Predating Nvidia is irrelevant, one of those patents was patented by a company that 3DFX bought out who in turn were bought out by Nvidia. That gives them every right to use said patent and ask for licensing fees for others who use it.

Now whether you agree or disagree with this is fine, but that is the way the legal system works over there and right or wrong that is what these companies work too.
Perhaps I wasn’t clear. The date on the patent is 1999 as I said before I read the patents. The PowerVR stuff pre dates the patent NVidia are using. So I don’t see how NVidia have any right. PowerVR are just as old as 3DFX and had T&L before 3DFX. A lot of 3DFX feature like FSAA was copied from PowerVR.
 
Perhaps I wasn’t clear. The date on the patent is 1999 as I said before I read the patents. The PowerVR stuff pre dates the patent NVidia are using. So I don’t see how NVidia have any right. PowerVR are just as old as 3DFX and had T&L before 3DFX. A lot of 3DFX feature like FSAA was copied from PowerVR.

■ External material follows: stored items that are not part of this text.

theorem lemma17:
  fixes G :: "'a graph" and D :: "'b graph" and x0 :: 'b
  assumes "is_graph G" and "infinite (verts G)" and "locally_finite G"
    and "is_graph D" and "finite (verts D)" and "connected_graph D"
    and "x0 \<in> verts D"
  shows "faithful (layer G x0) (cart_prod G D)"
  unfolding faithful_def
proof (intro conjI allI impI)
  show "subgraph (layer G x0) (cart_prod G D)"
    using assms(1,7) by (rule subgraph_layer_cart_prod)
  show "\<exists>s. is_ray (layer G x0) s \<and> ray_equiv (cart_prod G D) r s"
    if "is_ray (cart_prod G D) r" for r
    using cart_prod_ray_equiv_layer_ray[OF assms(1,4,5,6,7) that] .
  show "ray_equiv (layer G x0) r s \<longleftrightarrow> ray_equiv (cart_prod G D) r s"
    if "is_ray (layer G x0) r \<and> is_ray (layer G x0) s" for r s
    using ray_equiv_subgraph[OF is_graph_layer[OF assms(1)] subgraph_layer_cart_prod[OF assms(1,7)]]
      layer_ray_equiv_of_cart_prod[OF assms(1,5)] that by blast
qed

end
lemma integral_L_nonneg:
  assumes f: "L1_L \<S> f" and nonneg: "\<And>S. S \<in> \<S> \<Longrightarrow> 0 \<le> f S"
  shows "0 \<le> integral_L \<S> f"
proof (rule field_le_epsilon)
  fix e :: real assume "0 < e"
  then obtain g V where g: "replicable \<S> g V" "superhedgeable \<S> (\<lambda>S. \<bar>f S - g S\<bar>) (e / 2)"
    using f unfolding L1_L_iff[OF nonempty] by (meson half_gt_zero)
  have "0 \<le> V + e / 2"
  proof (rule replicable_superhedgeable_nonneg[OF g])
    show "0 \<le> g S + \<bar>f S - g S\<bar>" if "S \<in> \<S>" for S using nonneg[OF that] by arith
  qed
  moreover have "\<bar>integral_L \<S> f - V\<bar> \<le> e / 2" by (rule integral_L_approx[OF f g])
  ultimately show "0 \<le> integral_L \<S> f + e" by linarith
qed

lemma integral_L_dist_le:
  assumes f: "L1_L \<S> f" and g: "L1_L \<S> g"
    and fg: "superhedgeable \<S> (\<lambda>S. \<bar>g S - f S\<bar>) x"
  shows "\<bar>integral_L \<S> g - integral_L \<S> f\<bar> \<le> x"
proof (rule field_le_epsilon)
  fix e :: real assume "0 < e"
  then obtain f' V where f': "replicable \<S> f' V" "superhedgeable \<S> (\<lambda>S. \<bar>f S - f' S\<bar>) (e / 2)"
    using f unfolding L1_L_iff[OF nonempty] by (meson half_gt_zero)
  have "superhedgeable \<S> (\<lambda>S. \<bar>g S - f' S\<bar>) (x + e / 2)"
    by (rule superhedgeable_add[OF nonempty fg f'(2)]) arith
  then have "\<bar>integral_L \<S> g - V\<bar> \<le> x + e / 2" by (rule integral_L_approx[OF g f'(1)])
  moreover have "\<bar>integral_L \<S> f - V\<bar> \<le> e / 2" by (rule integral_L_approx[OF f f'])
  ultimately show "\<bar>integral_L \<S> g - integral_L \<S> f\<bar> \<le> x + e" by linarith
qed

lemma integral_L_dist_le_normL:
  assumes "L1_L \<S> f" "L1_L \<S> g"
  shows "ereal \<bar>integral_L \<S> g - integral_L \<S> f\<bar> \<le> normL \<S> (\<lambda>S. g S - f S)"
proof (rule dense_ge)
  fix y assume y: "normL \<S> (\<lambda>S. g S - f S) < y"
  show "ereal \<bar>integral_L \<S> g - integral_L \<S> f\<bar> \<le> y"
  proof (cases y)
    case (real r)
    then show ?thesis
      using integral_L_dist_le[OF assms normL_less_imp_superhedgeable] y by simp
  qed (use y in auto)
qed

lemma integral_L_const: "integral_L \<S> (\<lambda>S. c) = c"
proof -
  have "\<bar>integral_L \<S> (\<lambda>S. c) - c\<bar> \<le> 0"
    by (rule integral_L_approx[OF L1_L_const[OF nonempty] replicable_const superhedgeable_const]) auto
  then show ?thesis by simp
qed

end

theorem proposition3p4:
  fixes s0 :: real and \<S> :: "(nat \<Rightarrow> real) set"
  assumes "trajectory_set s0 \<S>"
    and "sigma_bar \<S> (\<lambda>S. 0) \<ge> 0"
  shows "(\<forall>f g a b. L1_L \<S> f \<and> L1_L \<S> g \<longrightarrow>
            L1_L \<S> (\<lambda>S. a * f S + b * g S) \<and>
            integral_L \<S> (\<lambda>S. a * f S + b * g S) = a * integral_L \<S> f + b * integral_L \<S> g)
       \<and> (\<forall>f. L1_L \<S> f \<and> (\<forall>S\<in>\<S>. f S \<ge> 0) \<longrightarrow> integral_L \<S> f \<ge> 0)
       \<and> (\<forall>f. L1_L \<S> f \<longrightarrow> (\<forall>\<epsilon>>0. \<exists>\<delta>>0. \<forall>g. L1_L \<S> g \<and> normL \<S> (\<lambda>S. g S - f S) < ereal \<delta>
                \<longrightarrow> \<bar>integral_L \<S> g - integral_L \<S> f\<bar> < \<epsilon>))
       \<and> (\<forall>c::real. L1_L \<S> (\<lambda>S. c) \<and> integral_L \<S> (\<lambda>S. c) = c)"
proof -
  interpret no_arbitrage \<S> by unfold_locales (rule assms(2))
  have continuous: "\<bar>integral_L \<S> g - integral_L \<S> f\<bar> < \<epsilon>"
    if "L1_L \<S> f" "L1_L \<S> g" "normL \<S> (\<lambda>S. g S - f S) < ereal \<epsilon>" for f g \<epsilon>
    using le_less_trans[OF integral_L_dist_le_normL[OF that(1,2)] that(3)] by simp
  show ?thesis
  proof (intro conjI allI impI)
    fix f g a b assume "L1_L \<S> f \<and> L1_L \<S> g"
    then show "L1_L \<S> (\<lambda>S. a * f S + b * g S)"
      and "integral_L \<S> (\<lambda>S. a * f S + b * g S) = a * integral_L \<S> f + b * integral_L \<S> g"
      using L1_L_lincomb[OF nonempty] integral_L_lincomb by blast+
  next
    fix f assume "L1_L \<S> f \<and> (\<forall>S\<in>\<S>. 0 \<le> f S)"
    then show "0 \<le> integral_L \<S> f" using integral_L_nonneg by blast
  next
    fix f and \<epsilon> :: real assume "L1_L \<S> f" "0 < \<epsilon>"
    then show "\<exists>\<delta>>0. \<forall>g. L1_L \<S> g \<and> normL \<S> (\<lambda>S. g S - f S) < ereal \<delta>
        \<longrightarrow> \<bar>integral_L \<S> g - integral_L \<S> f\<bar> < \<epsilon>"
      using continuous by blast
  qed (simp_all add: L1_L_const[OF nonempty] integral_L_const)
qed

end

ok fair enough, in that case can you link up the patents in question from Nvidia and the one form PowerVR so we can compare them please.
 
Urgh. Just reminds me of the Apple vs Samsung one where Apple won in the US as they'd patented stuff for use on a phone while Samsung had earlier taken out the same patents against a multimedia device. Patent court cases that are not about specific tech suck.

(Of course, as others have observed, I can't tell if the examples given are part of the 7 or 7k.... maybe they are suing over specifics in which case sort of fair enough. Though I've never agreed with the idea of buying patents from folding companies & then suing your competition with them.)